Flora Mikula : du caractère et du goût

Flora Mikula
Flora et Loïc Ballet présentent le superbe pâté de croûte

Cette femme au caractère bien trempé a su se faire un nom dans le monde très machiste de la bistronomie. Rencontre.                

Il paraît que la cuisine est réservée aux hommes… Il paraît, car au 44 boulevard Richard Lenoir se cache l’une des cuisines les plus gourmandes de la capitale où, non loin de Bastille, Flora Mikula propose de faire danser vos papilles. Une battante. La première fois que je l’ai croisée, c’était aux “Francos Gourmandes” en Bourgogne. Là-bas, à Tournus, Flora menait quinze chefs à la baguette afin de concocter une volaille pour Mika ! L’artiste gourmand, avait fait sentir que son ventre était creux. Cette fille de militaire au cœur tendre prend très vite les rênes en cuisine de la demeure familiale. À la mort de sa mère, l’enfant du Vaucluse met la main à la pâte ; à l’âge de neuf ans, c’est avec sa grand-mère qu’elle apprend l’amour de la cuisine. Flora s’initie à cet art. Sur le marché d’Avignon, ses sens se développent. Elle reconnaît vite la fraîcheur des produits, le parfum des herbes de Provence. Dans la famille, il faut l’admettre, le coup de fourchette est héréditaire !

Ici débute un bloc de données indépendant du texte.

(* Let $\mathcal{H}$ be a separable Hilbert space, $\{\mathcal{H}_j\}_{j\in J}$ ($J\subseteq\mathbb{Z}$) a sequence of closed subspaces of $\mathcal{H}$, and $K\in\mathcal{B}(\mathcal{H})$ with closed range $\mathcal{R}(K)$. Let $\{\Lambda_j\}_{j\in J}$ and $\{\Theta_j\}_{j\in J}$ be $g$-Bessel sequences with $\Lambda_j,\Theta_j\in\mathcal{B}(\mathcal{H},\mathcal{H}_j)$, and let $U:\mathcal{R}(K)\to\mathcal{R}(K)$, $Uf=\sum_{j\in J}\Lambda_j^{\ast}\Theta_jf$, satisfy $\|I_{\mathcal{R}(K)}-U\|<1$ (i.e. $\{\Theta_j\}$ is an approximate $K$-$g$-dual of $\{\Lambda_j\}$). Then $U$ is invertible on $\mathcal{R}(K)$, and $\{\Theta_jU^{-1}\}_{j\in J}$ (operators $\mathcal{R}(K)\to\mathcal{H}_j$) is a $K$-$g$-dual of $\{\Lambda_j\}_{j\in J}$, i.e. it is a $g$-Bessel sequence on $\mathcal{R}(K)$ and $\sum_{j\in J}\Lambda_j^{\ast}\Theta_jU^{-1}f=f$ for all $f\in\mathcal{R}(K)$.
   Context: A sequence $\{\Lambda_j\in\mathcal{B}(\mathcal{H},\mathcal{H}_j)\}_{j\in J}$ is $g$-Bessel if there is $B>0$ with $\sum_{j\in J}\|\Lambda_jf\|^2\leq B\|f\|^2$ for all $f\in\mathcal{H}$; $T_\Lambda:\{g_j\}\mapsto\sum_j\Lambda_j^\ast g_j$ denotes its synthesis operator, so $U=T_\Lambda T_\Theta^\ast$ restricted to $\mathcal{R}(K)$. The sequences are called approximately dual $K$-$g$-frames if $\|I_{\mathcal{R}(K)}-T_\Lambda T_\Theta^\ast\|<1$, where $T_\Lambda T_\Theta^\ast$ is regarded as an operator on $\mathcal{R}(K)$. *)

theory Defs
  imports "HOL-Analysis.Analysis"
begin

definition complex_hilbert ::
  "(complex \<Rightarrow> 'a::{real_normed_vector,complete_space} \<Rightarrow> 'a) \<Rightarrow> ('a \<Rightarrow> 'a \<Rightarrow> complex) \<Rightarrow> bool" where
  "complex_hilbert cs ip \<longleftrightarrow>
     (\<forall>r x. cs (complex_of_real r) x = r *\<^sub>R x) \<and>
     (\<forall>a b x. cs (a * b) x = cs a (cs b x)) \<and>
     (\<forall>a x y. cs a (x + y) = cs a x + cs a y) \<and>
     (\<forall>a b x. cs (a + b) x = cs a x + cs b x) \<and>
     (\<forall>x y z. ip (x + y) z = ip x z + ip y z) \<and>
     (\<forall>a x y. ip (cs a x) y = a * ip x y) \<and>
     (\<forall>x y. ip y x = cnj (ip x y)) \<and>
     (\<forall>x. ip x x = complex_of_real ((norm x)\<^sup>2))"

Chaque été, avec son père, elle sillonne les routes d’Europe en caravane. Flora aime la vie et l’aventure, c’est sans doute ce qui lui transmettra cette bougeotte éternelle qu’a la demoiselle. Gourmande à table comme en amitié, elle croque la vie à pleines dents et reste toujours très entourée. À seize ans, un brin espiègle, elle tente à maintes reprises d’intégrer l’école hôtelière d’Avignon qui prohibe les femmes en cuisine. Mais elle ne lâchera pas son tablier pour autant. La jolie blonde pétillante n’a pas dit son dernier mot. Téméraire, elle réussit non seulement à entrer à l’école hôtelière d’Avignon, mais elle en ressort première. Même si le tour est bien joué, la partie n’est pas gagnée. Être une femme en cuisine dans les années 80 n’est pas chose facile. À l’époque, les restaurateurs préfèrent voir les filles en salle qu’en cuisine. Qu’à cela ne tienne. Flora Mikula passe par la fenêtre quand on lui ferme la porte !

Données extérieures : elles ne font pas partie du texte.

lemma club_if_club_below_unbounded:
  fixes D U :: "'a::wellorder set"
  assumes U: "\<forall>b. \<exists>\<alpha>\<in>U. b < \<alpha>" and cb: "\<And>\<alpha>. \<alpha> \<in> U \<Longrightarrow> club_below \<alpha> (D \<inter> {x. x < \<alpha>})"
  shows "club D"
proof -
  have "\<exists>c\<in>D. b \<le> c" for b
  proof -
    obtain \<alpha> where "\<alpha> \<in> U" "b < \<alpha>" using U by blast
    then show ?thesis using cb[of \<alpha>] unfolding club_below_def by blast
  qed
  moreover have "b \<in> D" if hb: "\<exists>g. g < b" "\<forall>g<b. \<exists>c\<in>D. g < c \<and> c < b" for b
  proof -
    obtain \<alpha> where a: "\<alpha> \<in> U" "b < \<alpha>" using U by blast
    have "\<forall>g<b. \<exists>c\<in>D \<inter> {x. x < \<alpha>}. g < c \<and> c < b"
    proof (intro allI impI)
      fix g assume "g < b"
      then obtain c where "c \<in> D" "g < c" "c < b" using hb(2) by blast
      moreover have "c < \<alpha>" using \<open>c < b\<close> a(2) by (rule less_trans)
      ultimately show "\<exists>c\<in>D \<inter> {x. x < \<alpha>}. g < c \<and> c < b" by blast
    qed
    then show ?thesis using cb[OF a(1)] a(2) hb(1) unfolding club_below_def by blast
  qed
  ultimately show ?thesis unfolding club_def by blast
qed

lemma is_thread_if_coherent_on_unbounded:
  fixes \<C> :: "'a::wellorder \<Rightarrow> 'a set set"
  assumes coh: "coherent_seq_fin \<C>" and U: "\<forall>b. \<exists>\<alpha>\<in>U. b < \<alpha>"
    and D: "\<forall>\<alpha>\<in>U. D \<inter> {x. x < \<alpha>} \<in> \<C> \<alpha>"
  shows "is_thread \<C> D"
proof -
  have "club D" using U D coherent_club_below[OF coh] by (intro club_if_club_below_unbounded) blast+
  moreover have "D \<inter> {x. x < a} \<in> \<C> a" if aD: "a \<in> acc D" for a
  proof -
    obtain c where c: "c \<in> D" "a \<le> c" using aD unfolding acc_def by blast
    obtain \<alpha> where al: "\<alpha> \<in> U" "c < \<alpha>" using U by blast
    let ?E = "D \<inter> {x. x < \<alpha>}"
    have "a \<in> acc ?E" unfolding acc_def
    proof (intro CollectI conjI allI impI)
      show "\<exists>e\<in>?E. a \<le> e" using c al by blast
      fix g assume "g < a"
      then obtain e where "e \<in> D" "g < e" "e < a" using aD unfolding acc_def by blast
      moreover have "e < \<alpha>" using \<open>e < a\<close> c(2) al(2) by (meson less_le_trans less_trans)
      ultimately show "\<exists>e\<in>?E. g < e \<and> e < a" by blast
    qed
    then have "?E \<inter> {x. x < a} \<in> \<C> a" using coherent_restrict_acc[OF coh] D al(1) by blast
    moreover have "?E \<inter> {x. x < a} = D \<inter> {x. x < a}"
      using le_less_trans[OF c(2) al(2)] by (auto dest: less_trans)
    ultimately show ?thesis by simp
  qed
  ultimately show ?thesis unfolding is_thread_def by blast
qed

section \<open>Clubs and stationary sets\<close>

context
  assumes regular: "regular_uncountable_cardinal_type TYPE('a::wellorder)"
begin

lemma bounded_if_small:
  "(card_of (X::'a set), card_of (UNIV :: 'a set)) \<in> ordLess \<Longrightarrow> \<exists>b. \<forall>x\<in>X. x < b"
  using regular unfolding regular_uncountable_cardinal_type_def by blast

lemma countable_bounded:
  assumes "countable (X::'a set)"
  shows "\<exists>b. \<forall>x\<in>X. x < b"
proof -
  have X: "(card_of X, card_of (UNIV::nat set)) \<in> ordLeq"
    using assms unfolding countable_def card_of_ordLeq[symmetric] by blast
  have "uncountable (UNIV::'a set)"
    using regular unfolding regular_uncountable_cardinal_type_def by (rule conjunct1)
  then have "(card_of (UNIV::'a set), card_of (UNIV::nat set)) \<notin> ordLeq"
    unfolding countable_def card_of_ordLeq[symmetric] by blast
  then have "(card_of (UNIV::nat set), card_of (UNIV::'a set)) \<in> ordLess"
    using not_ordLeq_iff_ordLess[OF card_of_Well_order card_of_Well_order] by blast
  then show ?thesis using bounded_if_small ordLeq_ordLess_trans[OF X] by blast
qed

lemma exists_greater: "\<exists>b. (a::'a) < b"
  using countable_bounded[of "{a}"] by blast

lemma image_lessThan_bounded: "\<exists>b. \<forall>\<xi><a. f (\<xi>::'a) < (b::'a)"
proof -
  have "(card_of (f ` {x. x < a}), card_of {x::'a. x < a}) \<in> ordLeq" by (rule card_of_image)
  moreover have "(card_of {x::'a. x < a}, card_of (UNIV :: 'a set)) \<in> ordLess"
    using regular unfolding regular_uncountable_cardinal_type_def by blast
  ultimately obtain b where "\<forall>x\<in>f ` {x. x < a}. x < b"
    using bounded_if_small ordLeq_ordLess_trans by blast
  then show ?thesis by blast
qed

lemma increasing_seq_sup:
  fixes s :: "nat \<Rightarrow> 'a"
  assumes inc: "\<And>k. s k < s (Suc k)"
  shows "\<exists>L. (\<forall>k. s k < L) \<and> (\<forall>g<L. \<exists>k. g < s k) \<and> (\<forall>u. (\<forall>k. s k < u) \<longrightarrow> L \<le> u)"
proof -
  obtain b where b: "\<forall>x\<in>range s. x < b" using countable_bounded[of "range s"] by auto
  define L where "L = (LEAST u. \<forall>k. s k < u)"
  have upper: "\<forall>k. s k < L" unfolding L_def by (rule LeastI[of _ b]) (use b in auto)
  have least: "\<forall>u. (\<forall>k. s k < u) \<longrightarrow> L \<le> u" unfolding L_def by (auto intro: Least_le)
  have "\<forall>g<L. \<exists>k. g < s k"
  proof (intro allI impI)
    fix g assume "g < L"
    then have "\<not> (\<forall>k. s k < g)" using least by (auto simp: not_le[symmetric])
    then obtain k where "g \<le> s k" by (auto simp: not_less)
    then show "\<exists>k. g < s k" using inc[of k] by (meson order.strict_trans1)
  qed
  then show ?thesis using upper least by blast
qed

lemma club_unbounded: "club C \<Longrightarrow> \<exists>c\<in>C. b \<le> c"
  unfolding club_def by blast

lemma club_closed: "club C \<Longrightarrow> g0 < b \<Longrightarrow> \<forall>g<b. \<exists>c\<in>C. g < c \<and> c < b \<Longrightarrow> b \<in> C"
  unfolding club_def by blast

lemma club_UNIV: "club (UNIV::'a set)"
  unfolding club_def by auto

text \<open>Build \<open>s\<^sub>0 < s\<^sub>1 < \<dots>\<close> such that \<open>[s\<^sub>k, s\<^sub>k\<^sub>+\<^sub>1)\<close> meets every \<open>E \<xi>\<close> with \<open>\<xi> < s\<^sub>k\<close>;
  the supremum of the \<open>s\<^sub>k\<close> is then a limit point of each such \<open>E \<xi>\<close>.\<close>

lemma diagonal_Inter_unbounded:
  fixes E :: "'a \<Rightarrow> 'a set"
  assumes cl: "\<And>\<xi>. club (E \<xi>)"
  shows "\<exists>c\<in>{\<beta>. \<forall>\<xi><\<beta>. \<beta> \<in> E \<xi>}. b \<le> c"
proof -
  have step: "\<exists>y. x < y \<and> (\<forall>\<xi><x. \<exists>c\<in>E \<xi>. x \<le> c \<and> c < y)" for x
  proof -
    define f where "f \<xi> = (SOME c. c \<in> E \<xi> \<and> x \<le> c)" for \<xi>
    have f: "f \<xi> \<in> E \<xi> \<and> x \<le> f \<xi>" for \<xi>
      unfolding f_def by (rule someI_ex) (use club_unbounded[OF cl] in blast)
    obtain y0 where y0: "\<forall>\<xi><x. f \<xi> < y0" using image_lessThan_bounded by blast
    obtain y1 where y1: "x < y1" using exists_greater by blast
    have "x < max y0 y1" "\<forall>\<xi><x. f \<xi> < max y0 y1" using y0 y1 by (auto simp: less_max_iff_disj)
    then show ?thesis using f by blast
  qed
  obtain s where s0: "s 0 = b" and inc: "\<And>k. s k < s (Suc k)"
    and meets: "\<And>k. \<forall>\<xi><s k. \<exists>c\<in>E \<xi>. s k \<le> c \<and> c < s (Suc k)"
    using increasing_chain[of "\<lambda>_. True" b "\<lambda>x y. \<forall>\<xi><x. \<exists>c\<in>E \<xi>. x \<le> c \<and> c < y"] step
    by blast
  obtain L where above: "\<forall>k. s k < L" and below: "\<forall>g<L. \<exists>k. g < s k"
    using increasing_seq_sup[of s, OF inc] by blast
  have "L \<in> E \<xi>" if "\<xi> < L" for \<xi>
  proof (rule club_closed[OF cl, of "s 0"])
    show "s 0 < L" using above by blast
    obtain k where k: "\<xi> < s k" using below \<open>\<xi> < L\<close> by blast
    show "\<forall>g<L. \<exists>c\<in>E \<xi>. g < c \<and> c < L"
    proof (intro allI impI)
      fix g assume "g < L"
      then obtain j where j: "g < s j" using below by blast
      let ?i = "max j k"
      have "mono s" using inc by (simp add: mono_iff_le_Suc less_imp_le)
      then have "s j \<le> s ?i" "s k \<le> s ?i" by (simp_all add: monoD)
      then have "\<xi> < s ?i" "g < s ?i" using k j by auto
      then obtain c where c: "c \<in> E \<xi>" "s ?i \<le> c" "c < s (Suc ?i)" using meets by blast
      have "g < c" using \<open>g < s ?i\<close> c(2) by (rule less_le_trans)
      moreover have "c < L" using c(3) above by (blast intro: less_trans)
      ultimately show "\<exists>c\<in>E \<xi>. g < c \<and> c < L" using c(1) by blast
    qed
  qed
  moreover have "b \<le> L" using above s0 by (metis less_imp_le)
  ultimately show ?thesis by blast
qed

lemma club_diagonal_Inter:
  fixes E :: "'a \<Rightarrow> 'a set"
  assumes cl: "\<And>\<xi>. club (E \<xi>)"
  shows "club {\<beta>. \<forall>\<xi><\<beta>. \<beta> \<in> E \<xi>}"
proof -
  let ?D = "{\<beta>. \<forall>\<xi><\<beta>. \<beta> \<in> E \<xi>}"
  have "b \<in> ?D" if g0: "g0 < b" and approx: "\<forall>g<b. \<exists>c\<in>?D. g < c \<and> c < b" for g0 b
  proof (intro CollectI allI impI)
    fix \<xi> assume "\<xi> < b"
    have "\<forall>g<b. \<exists>c\<in>E \<xi>. g < c \<and> c < b"
    proof (intro allI impI)
      fix g assume "g < b"
      then have "max g \<xi> < b" using \<open>\<xi> < b\<close> by simp
      then obtain c where "c \<in> ?D" "max g \<xi> < c" "c < b" using approx by blast
      then show "\<exists>c\<in>E \<xi>. g < c \<and> c < b" by auto
    qed
    then show "b \<in> E \<xi>" using club_closed[OF cl g0] by blast
  qed
  then show ?thesis unfolding club_def using diagonal_Inter_unbounded[of E] cl by blast
qed

lemma club_Int:
  fixes A B :: "'a set"
  assumes "club A" "club B"
  shows "club (A \<inter> B)"
proof -
  obtain x0 x1 :: 'a where "x0 < x1" using exists_greater by blast
  define E where "E \<xi> = (if \<xi> = x0 then A else B)" for \<xi>
  have "club (E \<xi>)" for \<xi> using assms unfolding E_def by simp
  then have D: "club {\<beta>. \<forall>\<xi><\<beta>. \<beta> \<in> E \<xi>}" by (rule club_diagonal_Inter)
  have "\<exists>c\<in>A \<inter> B. b \<le> c" for b
  proof -
    obtain y where "x1 < y" using exists_greater by blast
    obtain c where c: "\<forall>\<xi><c. c \<in> E \<xi>" "max b y \<le> c" using club_unbounded[OF D] by blast
    then have "x0 < c" "x1 < c" using \<open>x0 < x1\<close> \<open>x1 < y\<close> by auto
    then have "c \<in> E x0" "c \<in> E x1" using c(1) by blast+
    then have "c \<in> A" "c \<in> B" using \<open>x0 < x1\<close> unfolding E_def by (auto split: if_splits)
    then show ?thesis using c(2) by auto
  qed
  moreover have "\<forall>b. (\<exists>g. g < b) \<and> (\<forall>g<b. \<exists>c\<in>A \<inter> B. g < c \<and> c < b) \<longrightarrow> b \<in> A \<inter> B"
    using assms unfolding club_def by (meson IntD1 IntD2 IntI)
  ultimately show ?thesis unfolding club_def by blast
qed

lemma club_INT_nat:
  fixes E :: "nat \<Rightarrow> 'a set"
  assumes cl: "\<And>k. club (E k)"
  shows "club (\<Inter>k. E k)"
proof -
  have "uncountable (UNIV::'a set)"
    using regular unfolding regular_uncountable_cardinal_type_def by (rule conjunct1)
  then have "infinite (UNIV::'a set)" using countable_finite by blast
  then obtain e :: "nat \<Rightarrow> 'a" where e: "inj e" using infinite_countable_subset by blast
  define E' where "E' \<xi> = (if \<xi> \<in> range e then E (inv e \<xi>) else UNIV)" for \<xi>
  have "club (E' \<xi>)" for \<xi> using cl club_UNIV unfolding E'_def by simp
  then have D: "club {\<beta>. \<forall>\<xi><\<beta>. \<beta> \<in> E' \<xi>}" by (rule club_diagonal_Inter)
  obtain b0 where b0: "\<forall>x\<in>range e. x < b0" using countable_bounded[of "range e"] by auto
  have "\<exists>c\<in>(\<Inter>k. E k). b \<le> c" for b
  proof -
    obtain c where c: "\<forall>\<xi><c. c \<in> E' \<xi>" "max b b0 \<le> c" using club_unbounded[OF D] by blast
    have "c \<in> E k" for k
    proof -
      have "e k < c" using b0 c(2) by (meson max.bounded_iff order.strict_trans2 rangeI)
      then have "c \<in> E' (e k)" using c(1) by blast
      then show ?thesis unfolding E'_def using e by simp
    qed
    then show ?thesis using c by auto
  qed
  moreover have "\<forall>b. (\<exists>g. g < b) \<and> (\<forall>g<b. \<exists>c\<in>(\<Inter>k. E k). g < c \<and> c < b) \<longrightarrow> b \<in> (\<Inter>k. E k)"
  proof (intro allI impI)
    fix b assume H: "(\<exists>g. g < b) \<and> (\<forall>g<b. \<exists>c\<in>(\<Inter>k. E k). g < c \<and> c < b)"
    show "b \<in> (\<Inter>k. E k)"
    proof
      fix k
      have "\<forall>g<b. \<exists>c\<in>E k. g < c \<and> c < b" using H by blast
      then show "b \<in> E k" using H cl[of k] unfolding club_def by blast
    qed
  qed
  ultimately show ?thesis unfolding club_def by blast
qed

À l’âge de seize ans, c’est la révélation ; la demoiselle réalise son premier stage chez “le pape de la Provence” : Christian Étienne. Romarin, huile d’olive, légumes du soleil… le maître est partout, en salle comme derrière les fourneaux ; avec lui elle fera ses premiers pas. C’est lui qui lui transmettra le flambeau de la cuisine du sud. Démarre alors un long périple à travers le monde pour la jeune femme. Aux côtés de grands chefs talentueux, elle traverse d’abord la Manche pour gagner l’Angleterre. Un matin, accompagnée de son père et sa sœur, ils prennent le ferry. Flora dépose ses valises à Londres. Outre-Manche, elle s’épanouie. Les “Rosbif” semblent moins misogynes en cuisine…

Un talent sans frontières

Quelques années passent lorsqu’un matin, un grand chef lui dit : “Tu sais, tu as ta propre cuisine, ton style, il est temps que tu rentres en France ” Ce matin-là, à Londres, Jean-Michel Lorrain semble avoir capté que la petite Flora doit voler ses propres ailes. Des mots qui ne tomberont pas dans l’oreille d’une sourde. Globe-trotteuse dans l’âme comme dans l’assiette, Flora Mikula s’envole alors aux quatre coins du monde : Antilles, Maroc, Japon, États-Unis… Les New-Yorkais ont même failli nous la voler ! Mais la vie en décidera autrement. Au repos forcé, Flora rentre en France pour une convalescence nécessaire. Un repos d’une courte durée. Très vite, les fourneaux ne tarderont pas à la rappeler. L’eldorado gastronomique au féminin sera donc français.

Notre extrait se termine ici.